The perceived labor shortage is the market's signal that the resorts should start scrambling to find new sources of labor and ways to use their existing staff more efficiently, said Mark Krikorian, executive director of the Center for Immigration Studies, a Washington, D.C.-based group that supports tighter immigration controls.

“In the short run, they've backed themselves into a corner,” because their business plans require foreign labor, he said. “They're saying it's Congress's job to procure cheap, obedient labor for their companies.”

As illegal workers and returning visa holders are squeezed out of the work force, the economy will adjust, Krikorian said, but it won't happen overnight.

Saying that housekeeping and dishwashing are jobs Americans won't do is gibberish, he said.

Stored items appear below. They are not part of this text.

(* For $k\in\mathbb{Z}_{\geq 0}$ let $!k=k!\sum_{\ell=0}^{k}\frac{(-1)^{\ell}}{\ell!}$ denote the $k$-th derangement number. Consider the formal series $$S_{\gamma}=\sum_{k=1}^{\infty}\frac{(-1)^{k}\,(!k)}{k},\qquad S_{\delta}=\sum_{k=1}^{\infty}(-1)^{k-1}(k-1)!,$$ and, for $\alpha\in\mathbb{R}$, the formal series $S(\alpha)=S_{\gamma}+\alpha S_{\delta}$, i.e. the series $\sum_{k=1}^{\infty}\left[\frac{(-1)^{k}\,(!k)}{k}+\alpha(-1)^{k-1}(k-1)!\right]$. Then $S(\alpha)$ is a conventionally convergent series if and only if $\alpha=1/e$.
   Context: Both $S_{\gamma}$ and $S_{\delta}$ are divergent series (in the conventional sense); they are Borel-summable to the Euler–Mascheroni constant $\gamma$ and the Euler–Gompertz constant $\delta=\int_0^\infty e^{-t}/(t+1)\,dt$, respectively. "Conventionally convergent" means convergent as an ordinary series of real numbers (convergence of the sequence of partial sums), with the linear combination $S_\gamma+\alpha S_\delta$ formed term by term. *)

theory Defs
  imports "HOL-Analysis.Analysis"
begin

definition derangement :: "nat \<Rightarrow> real" where
  "derangement k = fact k * (\<Sum>l\<le>k. (-1) ^ l / fact l)"

definition S_gamma_term :: "nat \<Rightarrow> real" where
  "S_gamma_term k = (-1) ^ k * derangement k / real k"

definition S_delta_term :: "nat \<Rightarrow> real" where
  "S_delta_term k = (-1) ^ (k - 1) * fact (k - 1)"

definition S_alpha_term :: "real \<Rightarrow> nat \<Rightarrow> real" where
  "S_alpha_term \<alpha> k = S_gamma_term k + \<alpha> * S_delta_term k"

end

theory Submission
  imports Defs
begin

text \<open>The k-th term of S(alpha) is (-1)^k (k-1)! (!k/k! - alpha), and !k/k! is the k-th partial
  sum of the alternating series for 1/e, with error at most 1/(k+1)!. If the series converges
  its terms tend to 0, so !k/k! - alpha = o(1/(k-1)!) forces alpha = 1/e. Conversely for
  alpha = 1/e the k-th term is bounded by (k-1)!/(k+1)! \<le> 1/k^2.\<close>

lemma abs_suminf_alternating_minus_sum_le:
  fixes a :: "nat \<Rightarrow> real"
  assumes "a \<longlonglongrightarrow> 0" and "\<And>n. 0 \<le> a n" and "\<And>n. a (Suc n) \<le> a n"
  shows "\<bar>(\<Sum>i. (-1) ^ i * a i) - (\<Sum>i<n. (-1) ^ i * a i)\<bar> \<le> a n"
proof -
  have tail_zero: "(\<lambda>i. a (i + n)) \<longlonglongrightarrow> 0"
    using assms(1) by (rule LIMSEQ_ignore_initial_segment)
  have tail_antimono: "a (Suc i + n) \<le> a (i + n)" for i
    using assms(3) by simp
  note tail = summable_Leibniz'[of "\<lambda>i. a (i + n)", OF tail_zero assms(2) tail_antimono]
  have summable_alternating: "summable (\<lambda>i. (-1) ^ i * a i)"
    by (rule summable_Leibniz'(1)[of a, OF assms])
  define T where "T = (\<Sum>i. (-1) ^ i * a (i + n))"
  have T_bounds: "0 \<le> T" "T \<le> a n"
    using tail(2)[of 0] tail(4)[of 0] by (simp_all add: T_def)
  have "(\<Sum>i. (-1) ^ i * a i) - (\<Sum>i<n. (-1) ^ i * a i) = (\<Sum>i. (-1) ^ (i + n) * a (i + n))"
    using suminf_minus_initial_segment[OF summable_alternating, of n] by simp
  also have "\<dots> = (-1) ^ n * T"
    unfolding T_def power_add
    using suminf_mult[OF tail(1), of "(-1) ^ n"] by (simp add: algebra_simps)
  finally show ?thesis
    using T_bounds by (simp add: abs_mult)
qed

lemma sums_exp_minus_one: "(\<lambda>l. (-1) ^ l / fact l) sums exp (-1 :: real)"
  using exp_converges[of "-1 :: real"] by (simp add: divide_inverse mult.commute)

lemma derangement_div_fact: "derangement k / fact k = (\<Sum>l<Suc k. (-1) ^ l / fact l)"
  by (simp add: derangement_def lessThan_Suc_atMost)

lemma derangement_div_fact_tendsto: "(\<lambda>k. derangement k / fact k) \<longlonglongrightarrow> exp (-1)"
proof -
  have "(\<lambda>k. \<Sum>l<k. (-1) ^ l / fact l) \<longlonglongrightarrow> exp (-1 :: real)"
    using sums_exp_minus_one by (simp add: sums_def)
  then show ?thesis
    unfolding derangement_div_fact by (rule LIMSEQ_Suc)
qed

lemma abs_derangement_div_fact_minus_exp_le:
  "\<bar>derangement k / fact k - exp (-1)\<bar> \<le> 1 / fact (Suc k)"
proof -
  have inverse_fact_zero: "(\<lambda>l. 1 / fact l :: real) \<longlonglongrightarrow> 0"
    using summable_LIMSEQ_zero[OF summable_exp[of 1]] by (simp add: divide_inverse)
  have inverse_fact_nonneg: "0 \<le> (1 / fact l :: real)" for l
    by simp
  have inverse_fact_antimono: "1 / fact (Suc l) \<le> (1 / fact l :: real)" for l
    by (intro divide_left_mono fact_mono) auto
  have "exp (-1) = (\<Sum>l. (-1) ^ l * (1 / fact l :: real))"
    using sums_unique[OF sums_exp_minus_one] by simp
  moreover have "derangement k / fact k = (\<Sum>l<Suc k. (-1) ^ l * (1 / fact l :: real))"
    by (simp add: derangement_div_fact)
  ultimately show ?thesis
    using abs_suminf_alternating_minus_sum_le[of "\<lambda>l. 1 / fact l" "Suc k",
        OF inverse_fact_zero inverse_fact_nonneg inverse_fact_antimono]
    by (simp add: abs_minus_commute)
qed

lemma S_alpha_term_Suc:
  "S_alpha_term \<alpha> (Suc n) = (-1) ^ Suc n * fact n * (derangement (Suc n) / fact (Suc n) - \<alpha>)"
proof -
  have "S_gamma_term (Suc n) = (-1) ^ Suc n * (fact n * (derangement (Suc n) / fact (Suc n)))"
    unfolding S_gamma_term_def fact_Suc by (simp del: of_nat_Suc)
  then show ?thesis
    unfolding S_alpha_term_def S_delta_term_def by (simp add: algebra_simps)
qed

lemma abs_S_alpha_term_Suc:
  "\<bar>S_alpha_term \<alpha> (Suc n)\<bar> = fact n * \<bar>derangement (Suc n) / fact (Suc n) - \<alpha>\<bar>"
  by (simp add: S_alpha_term_Suc abs_mult)

lemma summable_S_alpha_term_exp_minus_one:
  "summable (\<lambda>n. S_alpha_term (exp (-1)) (Suc n))"
proof (rule summable_comparison_test)
  have "summable (\<lambda>n. inverse (real n ^ 2))"
    by (rule inverse_power_summable) simp
  then show "summable (\<lambda>n. inverse (real (Suc n) ^ 2))"
    by (rule summable_Suc_iff[THEN iffD2])
  show "\<exists>N. \<forall>n\<ge>N. norm (S_alpha_term (exp (-1)) (Suc n)) \<le> inverse (real (Suc n) ^ 2)"
  proof (intro exI allI impI)
    fix n :: nat
    have "norm (S_alpha_term (exp (-1)) (Suc n)) \<le> fact n * (1 / fact (Suc (Suc n)))"
      unfolding real_norm_def abs_S_alpha_term_Suc
      by (intro mult_left_mono abs_derangement_div_fact_minus_exp_le) simp
    also have "\<dots> = 1 / (real (Suc n) * real (Suc (Suc n)))"
      unfolding fact_Suc by (simp del: of_nat_Suc)
    also have "\<dots> \<le> inverse (real (Suc n) ^ 2)"
      unfolding inverse_eq_divide by (intro divide_left_mono) (simp_all add: power2_eq_square)
    finally show "norm (S_alpha_term (exp (-1)) (Suc n)) \<le> inverse (real (Suc n) ^ 2)" .
  qed
qed

lemma summable_S_alpha_term_imp_eq_exp_minus_one:
  assumes "summable (\<lambda>n. S_alpha_term \<alpha> (Suc n))"
  shows "\<alpha> = exp (-1)"
proof -
  have "(\<lambda>n. derangement (Suc n) / fact (Suc n) - \<alpha>) \<longlonglongrightarrow> 0"
  proof (rule Lim_null_comparison)
    show "(\<lambda>n. norm (S_alpha_term \<alpha> (Suc n))) \<longlonglongrightarrow> 0"
      using summable_LIMSEQ_zero[OF assms] by (rule tendsto_norm_zero)
    show "\<forall>\<^sub>F n in sequentially.
        norm (derangement (Suc n) / fact (Suc n) - \<alpha>) \<le> norm (S_alpha_term \<alpha> (Suc n))"
      unfolding real_norm_def abs_S_alpha_term_Suc
      by (simp add: mult_le_cancel_right1)
  qed
  then have "(\<lambda>n. derangement (Suc n) / fact (Suc n)) \<longlonglongrightarrow> \<alpha>"
    by (simp add: LIM_zero_iff)
  moreover have "(\<lambda>n. derangement (Suc n) / fact (Suc n)) \<longlonglongrightarrow> exp (-1)"
    using derangement_div_fact_tendsto by (rule LIMSEQ_Suc)
  ultimately show ?thesis
    by (rule LIMSEQ_unique)
qed

theorem proposition1:
  fixes \<alpha> :: real
  shows "summable (\<lambda>n. S_alpha_term \<alpha> (Suc n)) \<longleftrightarrow> \<alpha> = 1 / exp 1"
proof -
  have inverse_e: "1 / exp 1 = exp (-1 :: real)"
    by (simp add: exp_minus divide_inverse)
  show ?thesis
    unfolding inverse_e
    using summable_S_alpha_term_exp_minus_one summable_S_alpha_term_imp_eq_exp_minus_one
    by blast
qed

end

People who might want the jobs include racial-minority workers, college students, single moms who need flexible work schedules, older workers who want part-time jobs, refugees, high school dropouts, ex-prisoners and homeless people.

Marshall Vest, an economist with the University of Arizona's Eller College of Management, said there is a real long-term issue of where to find workers in a country with a low birthrate and an aging population.

Employers' top concern in recent economic surveys has been the ability to recruit workers with the right skills, he said. That real or perceived labor shortage pushed up wages for some occupations, Vest said.

Beyond raising wages, businesses can also improve the skills and efficiency of their existing staff or entice workers to stay longer, he said.

But other than that, Vest said, businesses look for labor in foreign countries, where birthrates are higher and people need work.
Vest said those workers are “a valuable commodity in the world labor market.”